First, clone the source code for this repo to your local environment:

git clone https://github.com/Snowflake-Labs/sfguide-snowpark-python-top-three-tips-for-optimal-performance
cd sfguide-snowpark-python-top-three-tips-for-optimal-performance

Snowpark Python via Anaconda

aside positive IMPORTANT:

  • If you are using a machine wth Apple M1 chip, follow these instructions to create the virtual environment and install Snowpark Python instead of what's described below.

If you are using Anaconda on your local machine, create a conda env for this quickstart:

conda env create -f conda_env.yml
conda activate pysnowpark

Conda will automatically install snowflake-snowpark-python and all other dependencies for you.

Now, launch Jupyter Notebook on your local machine:

jupyter notebook

Troubleshooting pyarrow related issues

  • If you have pyarrow library already installed, uninstall it before installing Snowpark.
  • If you do not have pyarrow installed, you do not need to install it yourself; installing Snowpark automatically installs the appropriate version.
  • Do not reinstall a different version of pyarrow after installing Snowpark.

Snowflake Environment Setup

Create a fresh database in your Snowflake account for the following labs. Login to Snowsight and issue the following command:

CREATE DATABASE SNOWPARK_BEST_PRACTICES_LABS;

We'll also standardize the warehouse we will use for the following labs. Run the following command:

CREATE OR REPLACE WAREHOUSE compute_wh WAREHOUSE_SIZE=SMALL INITIALLY_SUSPENDED=TRUE;

Edit the credentials.json file

Throughout all the following labs, we will need to connect your notebook IDE to Snowflake. This is done via a credentials file. Edit the credentials.json file found in the cloned repo with your Snowflake account information.

  • Provide your account information, username, and password.
  • Ensure the role you are specifying upon login will have access to the database you just created.
  • Specify default warehouse as COMPUTE_WH as created above.
  • Specify the default database as SNOWPARK_BEST_PRACTICES_LABS and default schema as PUBLIC.

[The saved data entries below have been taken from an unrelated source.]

lemma velocity_at_max_ge:
  fixes r :: "real ^ 'n"
  assumes "\<kappa> \<ge> 0" and "\<And>s. \<theta> s \<ge> 0" and max: "\<And>l. r $ l \<le> r $ M"
  shows "\<kappa> * (\<theta> (r $ k) * (r $ M - r $ k)) \<le> velocity \<kappa> \<theta> r (r $ M)"
proof -
  have "interaction \<theta> (r $ M) (r $ k) \<le> (\<Sum>l\<in>UNIV. interaction \<theta> (r $ M) (r $ l))"
    using assms(2) max by (intro member_le_sum interaction_nonneg) auto
  moreover have "interaction \<theta> (r $ M) (r $ k) = \<theta> (r $ k) * (r $ M - r $ k)"
    using max[of k] by (simp add: interaction_def min_def)
  ultimately show ?thesis using assms(1) by (simp add: velocity_def mult_left_mono)
qed

lemma velocity_le_at_max:
  fixes r :: "real ^ 'n"
  assumes "\<kappa> \<ge> 0" and "mono \<theta>" and "\<And>s. \<theta> s \<ge> 0" and max: "\<And>l. r $ l \<le> r $ M"
  shows "velocity \<kappa> \<theta> r (r $ k) \<le> velocity \<kappa> \<theta> r (r $ M)"
  unfolding velocity_def
  using assms by (intro mult_left_mono sum_mono interaction_mono_below_max) auto

lemma velocity_lower_bound:
  fixes r :: "real ^ 'n" and \<theta> :: "real \<Rightarrow> real"
  assumes "\<kappa> \<ge> 0" and "mono \<theta>" and "\<And>s. \<theta> s \<ge> 0"
    and "\<And>l. r $ l \<le> 1" and "0 \<le> x" "x \<le> 1"
  shows "- (\<kappa> * real CARD('n) * \<theta> 1) \<le> velocity \<kappa> \<theta> r x"
proof -
  have "- \<theta> 1 \<le> interaction \<theta> x (r $ l)" for l
  proof -
    have "\<theta> (min x (r $ l)) \<le> \<theta> 1" using assms by (intro monoD[OF \<open>mono \<theta>\<close>]) auto
    moreover have "\<theta> (min x (r $ l)) * (-1) \<le> \<theta> (min x (r $ l)) * (x - r $ l)"
      using assms(3,5) assms(4)[of l] by (intro mult_left_mono) auto
    ultimately show ?thesis by (simp add: interaction_def)
  qed
  then have "(\<Sum>l\<in>(UNIV::'n set). - \<theta> 1) \<le> (\<Sum>l\<in>UNIV. interaction \<theta> x (r $ l))"
    by (intro sum_mono)
  then show ?thesis
    using mult_left_mono[OF _ \<open>\<kappa> \<ge> 0\<close>] by (fastforce simp: velocity_def)
qed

Lab 1 (Snowpark Dataframes) - Overview

Snowpark is essentially a wrapper that converts Spark or Pandas APIs into SQL when executing and data engineers don't need to spend excessive time to find out how it works behind scenes. This notebook guides you through why we should use Snowpark Dataframe and avoid using Pandas Data Frame.

Though Pandas has tons of really good APIs in day-to-day DE job, the challenge with Pandas is that it does not scale with your data volume linearly due to single-machine processing. For example, Pandas fails with out-of-memory error if it attempts to read a dataset that is larger than the memory available in a single machine.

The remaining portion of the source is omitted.